- [Action item]:
Reproduce, with no changes, the line that contains "y \<in> Krel p (\<lambda>c" and all the lines that come after it in the records.

- [Saved data entries]:
text \<open>Left action of the generators of Psi on L_l.\<close>
fun Ll_act :: "nat \<Rightarrow> gen \<Rightarrow> bas \<Rightarrow> bas option" where
  "Ll_act p (E f) (k, l) = (if l = p - f then Some (k, l) else None)"
| "Ll_act p X (k, l) = (if l + 1 < p then Some (k, l + 1) else None)"
| "Ll_act p Xi (k, l) = (if \<not> k \<and> l + 1 < p then Some (True, l + 1) else None)"

text \<open>Right action of the generators of Psi on L_r.\<close>
fun Lr_act :: "nat \<Rightarrow> gen \<Rightarrow> bas \<Rightarrow> bas option" where
  "Lr_act p (E f) (k, l) = (if l = f - 1 then Some (k, l) else None)"
| "Lr_act p X (k, l) = (if l + 1 < p then Some (k, l + 1) else None)"
| "Lr_act p Xi (k, l) = (if \<not> k \<and> l + 1 < p then Some (True, l + 1) else None)"

text \<open>Right action of t on L_l (x.x^l -> xi.x^l, xi.x^l -> 0).\<close>
fun Ll_t :: "bas \<Rightarrow> bas option" where
  "Ll_t (k, l) = (if \<not> k then Some (True, l) else None)"

text \<open>Left action of t on L_r (x^l.x -> x^l.xi, x^l.xi -> 0).\<close>
fun Lr_t :: "bas \<Rightarrow> bas option" where
  "Lr_t (k, l) = (if \<not> k then Some (True, l) else None)"

definition matof :: "(bas \<Rightarrow> bas option) \<Rightarrow> bas \<Rightarrow> bas \<Rightarrow> 'a::field" where
  "matof f c b = (if f b = Some c then 1 else 0)"

text \<open>The F-tensor product L_l (x)_F L_r: coordinate functions supported on Bas p x Bas p.\<close>
definition TS :: "nat \<Rightarrow> (bas \<times> bas \<Rightarrow> 'a::field) set" where
  "TS p = {w. \<forall>z. z \<notin> Bas p \<times> Bas p \<longrightarrow> w z = 0}"

definition op1 :: "nat \<Rightarrow> (bas \<Rightarrow> bas \<Rightarrow> 'a::field) \<Rightarrow> (bas \<times> bas \<Rightarrow> 'a) \<Rightarrow> bas \<times> bas \<Rightarrow> 'a" where
  "op1 p P w = (\<lambda>(c, d). if (c, d) \<in> Bas p \<times> Bas p then (\<Sum>b\<in>Bas p. P c b * w (b, d)) else 0)"

definition op2 :: "nat \<Rightarrow> (bas \<Rightarrow> bas \<Rightarrow> 'a::field) \<Rightarrow> (bas \<times> bas \<Rightarrow> 'a) \<Rightarrow> bas \<times> bas \<Rightarrow> 'a" where
  "op2 p Q w = (\<lambda>(c, d). if (c, d) \<in> Bas p \<times> Bas p then (\<Sum>b\<in>Bas p. Q d b * w (c, b)) else 0)"

text \<open>The subspace of L_l (x)_F L_r spanned by (m.t) (x) n - m (x) (t.n), where the right action
  of t on L_l is given by the matrix A and the left action of t on L_r by the matrix B.  L_l (x)_Lambda L_r is TS p modulo this subspace.\<close>
definition Krel :: "nat \<Rightarrow> (bas \<Rightarrow> bas \<Rightarrow> 'a::field) \<Rightarrow> (bas \<Rightarrow> bas \<Rightarrow> 'a) \<Rightarrow> (bas \<times> bas \<Rightarrow> 'a) set" where
  "Krel p A B = {(\<lambda>z. op1 p A w z - op2 p B w z) | w. w \<in> TS p}"

text \<open>Relations for M = L_l (x)_Lambda L_r and for L_l^theta (x)_Lambda L_r
  (right action of t on L_l replaced by its negative, since theta(t) = -t).\<close>
definition K_M :: "nat \<Rightarrow> (bas \<times> bas \<Rightarrow> 'a::field) set" where
  "K_M p = Krel p (matof Ll_t) (matof Lr_t)"

definition K_theta :: "nat \<Rightarrow> (bas \<times> bas \<Rightarrow> 'a::field) set" where
  "K_theta p = Krel p (\<lambda>c b. - matof Ll_t c b) (matof Lr_t)"

text \<open>tau fixes the e_f and x and sends xi to -xi.\<close>
definition tau_sign :: "gen \<Rightarrow> 'a::field" where
  "tau_sign g = (if g = Xi then -1 else 1)"

end

theory Submission
  imports Defs
begin

text \<open>The isomorphism is id \<otimes> \<sigma>, where \<sigma> multiplies the basis vectors x^l.\<xi> of L_r by -1.
  Since t and \<xi> are odd for the grading by \<xi>-degree and x, e_f are even, \<sigma> t = -t \<sigma>, which
  turns the relation m.t \<otimes> n = m \<otimes> t.n of M into the twisted relation -(m.t) \<otimes> n = m \<otimes> t.n;
  the left \<Psi>-action is untouched and the right one acquires exactly the signs of \<tau>.
  The Lambda-relations are preserved by \<Psi> because t commutes with the \<Psi>-actions.
  Nothing depends on p or on the characteristic.\<close>

lemma finite_Bas [simp]: "finite (Bas p)"
  by (simp add: Bas_def)

definition matmul :: "nat \<Rightarrow> (bas \<Rightarrow> bas \<Rightarrow> 'a::field) \<Rightarrow> (bas \<Rightarrow> bas \<Rightarrow> 'a) \<Rightarrow> bas \<Rightarrow> bas \<Rightarrow> 'a" where
  "matmul p P Q c a = (\<Sum>b\<in>Bas p. P c b * Q b a)"

lemma op1_TS: "op1 p P w \<in> TS p"
  by (auto simp: TS_def op1_def)

lemma op2_TS: "op2 p Q w \<in> TS p"
  by (auto simp: TS_def op2_def)

lemma op1_diff: "op1 p P (\<lambda>z. v z - w z) = (\<lambda>z. op1 p P v z - op1 p P w z)"
  by (rule ext) (auto simp: op1_def sum_subtractf algebra_simps)

lemma op2_diff: "op2 p Q (\<lambda>z. v z - w z) = (\<lambda>z. op2 p Q v z - op2 p Q w z)"
  by (rule ext) (auto simp: op2_def sum_subtractf algebra_simps)

lemma op1_uminus: "op1 p P (\<lambda>z. - w z) = (\<lambda>z. - op1 p P w z)"
  by (rule ext) (auto simp: op1_def sum_negf)

lemma op2_uminus: "op2 p Q (\<lambda>z. - w z) = (\<lambda>z. - op2 p Q w z)"
  by (rule ext) (auto simp: op2_def sum_negf)

lemma op1_uminus_matrix: "op1 p (\<lambda>c b. - P c b) w = (\<lambda>z. - op1 p P w z)"
  by (rule ext) (auto simp: op1_def sum_negf)

lemma op1_op2_commute: "op1 p P (op2 p Q w) = op2 p Q (op1 p P w)"
proof (rule ext, clarsimp)
  fix c d
  have "(\<Sum>b\<in>Bas p. P c b * (\<Sum>a\<in>Bas p. Q d a * w (b, a)))
      = (\<Sum>b\<in>Bas p. \<Sum>a\<in>Bas p. Q d a * (P c b * w (b, a)))"
    by (simp add: sum_distrib_left algebra_simps)
  also have "\<dots> = (\<Sum>a\<in>Bas p. Q d a * (\<Sum>b\<in>Bas p. P c b * w (b, a)))"
    by (subst sum.swap) (simp add: sum_distrib_left)
  finally show "op1 p P (op2 p Q w) (c, d) = op2 p Q (op1 p P w) (c, d)"
    by (auto simp: op1_def op2_def intro!: sum.cong)
qed

lemma op1_op1: "op1 p P (op1 p Q w) = op1 p (matmul p P Q) w"
proof (rule ext, clarsimp)
  fix c d
  have "(\<Sum>b\<in>Bas p. P c b * (\<Sum>a\<in>Bas p. Q b a * w (a, d)))
      = (\<Sum>a\<in>Bas p. matmul p P Q c a * w (a, d))"
    unfolding matmul_def sum_distrib_left sum_distrib_right
    by (subst sum.swap) (simp add: algebra_simps)
  then show "op1 p P (op1 p Q w) (c, d) = op1 p (matmul p P Q) w (c, d)"
    by (auto simp: op1_def intro!: sum.cong)
qed

lemma op2_op2: "op2 p P (op2 p Q w) = op2 p (matmul p P Q) w"
proof (rule ext, clarsimp)
  fix c d
  have "(\<Sum>b\<in>Bas p. P d b * (\<Sum>a\<in>Bas p. Q b a * w (c, a)))
      = (\<Sum>a\<in>Bas p. matmul p P Q d a * w (c, a))"
    unfolding matmul_def sum_distrib_left sum_distrib_right
    by (subst sum.swap) (simp add: algebra_simps)
  then show "op2 p P (op2 p Q w) (c, d) = op2 p (matmul p P Q) w (c, d)"
    by (auto simp: op2_def intro!: sum.cong)
qed

lemma op1_cong_Bas:
  assumes "\<And>c b. c \<in> Bas p \<Longrightarrow> b \<in> Bas p \<Longrightarrow> P c b = P' c b"
  shows "op1 p P w = op1 p P' w"
  by (rule ext) (auto simp: op1_def assms intro!: sum.cong)

lemma op2_cong_Bas:
  assumes "\<And>c b. c \<in> Bas p \<Longrightarrow> b \<in> Bas p \<Longrightarrow> Q c b = Q' c b"
  shows "op2 p Q w = op2 p Q' w"
  by (rule ext) (auto simp: op2_def assms intro!: sum.cong)

lemma matmul_uminus_left: "matmul p (\<lambda>c b. - P c b) Q = (\<lambda>c a. - matmul p P Q c a)"
  by (intro ext) (simp add: matmul_def sum_negf)

lemma matmul_uminus_right: "matmul p P (\<lambda>c b. - Q c b) = (\<lambda>c a. - matmul p P Q c a)"
  by (intro ext) (simp add: matmul_def sum_negf)

lemma matmul_matof:
  "matmul p (matof f) (matof g) c a =
     (if \<exists>b\<in>Bas p. g a = Some b \<and> f b = Some c then 1 else (0::'a::field))"
proof (cases "g a")
  case None
  then show ?thesis by (simp add: matmul_def matof_def)
next
  case (Some b0)
  have "matmul p (matof f) (matof g) c a = (\<Sum>b\<in>Bas p. if b = b0 then matof f c b else (0::'a))"
    unfolding matmul_def by (rule sum.cong) (auto simp: matof_def Some)
  then show ?thesis by (auto simp: Some matof_def)
qed

lemma zero_in_Krel: "(\<lambda>z. 0) \<in> Krel p A B"
proof -
  have "(\<lambda>z. 0) = (\<lambda>z. op1 p A (\<lambda>_. 0) z - op2 p B (\<lambda>_. 0) z)"
    by (auto simp: op1_def op2_def)
  then show ?thesis
    unfolding Krel_def TS_def by blast
qed

lemma Krel_op1_closed:
  assumes "\<And>c a. c \<in> Bas p \<Longrightarrow> a \<in> Bas p \<Longrightarrow> matmul p P A c a = matmul p A P c a"
  shows "op1 p P ` Krel p A B \<subseteq> Krel p A B"
proof (rule image_subsetI)
  fix y assume "y \<in> Krel p A B"
  then obtain w where w: "w \<in> TS p" and y: "y = (\<lambda>z. op1 p A w z - op2 p B w z)"
    unfolding Krel_def by blast
  have "op1 p P (op1 p A w) = op1 p A (op1 p P w)"
    unfolding op1_op1 by (rule op1_cong_Bas) (rule assms)
  then have "op1 p P (\<lambda>z. op1 p A w z - op2 p B w z)
      = (\<lambda>z. op1 p A (op1 p P w) z - op2 p B (op1 p P w) z)"
    by (simp add: op1_diff op1_op2_commute)
  then show "op1 p P y \<in> Krel p A B"
    unfolding Krel_def y using op1_TS by auto
qed

lemma Krel_op2_closed:
  assumes "\<And>c a. c \<in> Bas p \<Longrightarrow> a \<in> Bas p \<Longrightarrow> matmul p Q B c a = matmul p B Q c a"
  shows "op2 p Q ` Krel p A B \<subseteq> Krel p A B"
proof (rule image_subsetI)
  fix y assume "y \<in> Krel p A B"
  then obtain w where w: "w \<in> TS p" and y: "y = (\<lambda>z. op1 p A w z - op2 p B w z)"
    unfolding Krel_def by blast
  have "op2 p Q (op2 p B w) = op2 p B (op2 p Q w)"
    unfolding op2_op2 by (rule op2_cong_Bas) (rule assms)
  then have "op2 p Q (\<lambda>z. op1 p A w z - op2 p B w z)
      = (\<lambda>z. op1 p A (op2 p Q w) z - op2 p B (op2 p Q w) z)"
    by (simp add: op2_diff op1_op2_commute)
  then show "op2 p Q y \<in> Krel p A B"
    unfolding Krel_def y using op2_TS by auto
qed

lemma Ll_act_commutes_Ll_t:
  "c \<in> Bas p \<Longrightarrow> a \<in> Bas p \<Longrightarrow>
    matmul p (matof (Ll_act p g)) (matof Ll_t) c a = (matmul p (matof Ll_t) (matof (Ll_act p g)) c a :: 'a::field)"
  unfolding matmul_matof by (cases g; cases a; cases c; auto simp: Bas_def split: if_splits)

lemma Lr_act_commutes_Lr_t:
  "c \<in> Bas p \<Longrightarrow> a \<in> Bas p \<Longrightarrow>
    matmul p (matof (Lr_act p g)) (matof Lr_t) c a = (matmul p (matof Lr_t) (matof (Lr_act p g)) c a :: 'a::field)"
  unfolding matmul_matof by (cases g; cases a; cases c; auto simp: Bas_def split: if_splits)

lemma K_theta_op1_closed: "op1 p (matof (Ll_act p g)) ` K_theta p \<subseteq> K_theta p"
  unfolding K_theta_def
  by (rule Krel_op1_closed) (simp add: matmul_uminus_left matmul_uminus_right Ll_act_commutes_Ll_t)

lemma K_theta_op2_closed: "op2 p (matof (Lr_act p g)) ` K_theta p \<subseteq> K_theta p"
  unfolding K_theta_def by (rule Krel_op2_closed) (rule Lr_act_commutes_Lr_t)

definition xi_sign :: "bas \<Rightarrow> 'a::field" where
  "xi_sign b = (if fst b then -1 else 1)"

definition sign_twist :: "(bas \<times> bas \<Rightarrow> 'a::field) \<Rightarrow> bas \<times> bas \<Rightarrow> 'a" where
  "sign_twist w = (\<lambda>(c, d). xi_sign d * w (c, d))"

definition homogeneous :: "'a::field \<Rightarrow> (bas \<Rightarrow> bas \<Rightarrow> 'a) \<Rightarrow> bool" where
  "homogeneous s Q \<longleftrightarrow> (\<forall>d b. xi_sign d * Q d b = s * (Q d b * xi_sign b))"

lemma sign_twist_apply: "sign_twist w (c, d) = xi_sign d * w (c, d)"
  by (simp add: sign_twist_def)

lemma sign_twist_sign_twist [simp]: "sign_twist (sign_twist w) = w"
  by (rule ext) (auto simp: sign_twist_def xi_sign_def)

lemma sign_twist_TS: "w \<in> TS p \<Longrightarrow> sign_twist w \<in> TS p"
  by (auto simp: TS_def sign_twist_def)

lemma sign_twist_linear: "sign_twist (\<lambda>z. c * v z + w z) = (\<lambda>z. c * sign_twist v z + sign_twist w z)"
  by (rule ext) (auto simp: sign_twist_def algebra_simps)

lemma sign_twist_diff: "sign_twist (\<lambda>z. v z - w z) = (\<lambda>z. sign_twist v z - sign_twist w z)"
  by (rule ext) (auto simp: sign_twist_def algebra_simps)

lemma sign_twist_op1: "sign_twist (op1 p P w) = op1 p P (sign_twist w)"
  by (rule ext) (auto simp: sign_twist_def op1_def sum_distrib_left algebra_simps)

lemma sign_twist_op2:
  assumes "homogeneous s Q"
  shows "sign_twist (op2 p Q w) = (\<lambda>z. s * op2 p Q (sign_twist w) z)"
proof (rule ext, clarify)
  fix c d
  have "xi_sign d * (\<Sum>b\<in>Bas p. Q d b * w (c, b))
      = (\<Sum>b\<in>Bas p. s * (Q d b * (xi_sign b * w (c, b))))"
    unfolding sum_distrib_left
  proof (rule sum.cong)
    fix b
    have "xi_sign d * Q d b = s * (Q d b * xi_sign b)"
      using assms unfolding homogeneous_def by blast
    then show "xi_sign d * (Q d b * w (c, b)) = s * (Q d b * (xi_sign b * w (c, b)))"
      by (metis mult.assoc)
  qed simp
  then show "sign_twist (op2 p Q w) (c, d) = s * op2 p Q (sign_twist w) (c, d)"
    by (simp add: sign_twist_apply op2_def sum_distrib_left)
qed

lemma homogeneous_Lr_t: "homogeneous (-1) (matof Lr_t)"
  by (auto simp: homogeneous_def matof_def xi_sign_def split: if_splits)

lemma homogeneous_Lr_act: "homogeneous (tau_sign g) (matof (Lr_act p g))"
  by (cases g) (auto simp: homogeneous_def matof_def xi_sign_def tau_sign_def split: if_splits)

lemma sign_twist_Krel_subset:
  assumes "homogeneous (-1) B"
  shows "sign_twist ` Krel p A B \<subseteq> Krel p (\<lambda>c b. - A c b) B"
proof (rule image_subsetI)
  fix y assume "y \<in> Krel p A B"
  then obtain w where w: "w \<in> TS p" and y: "y = (\<lambda>z. op1 p A w z - op2 p B w z)"
    unfolding Krel_def by blast
  let ?u = "\<lambda>z. - sign_twist w z"
  have "sign_twist (\<lambda>z. op1 p A w z - op2 p B w z)
      = (\<lambda>z. op1 p (\<lambda>c b. - A c b) ?u z - op2 p B ?u z)"
    by (simp add: sign_twist_diff sign_twist_op1 sign_twist_op2 [OF assms]
        op1_uminus_matrix op1_uminus op2_uminus)
  moreover have "?u \<in> TS p"
    using sign_twist_TS [OF w] by (auto simp: TS_def)
  ultimately show "sign_twist y \<in> Krel p (\<lambda>c b. - A c b) B"
    unfolding Krel_def y by blast
qed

- [Response to the exercise]:
  ultimately show "sign_twist y \<in> Krel p (\<lambda>c b. - A c b) B"
    unfolding Krel_def y by blast
qed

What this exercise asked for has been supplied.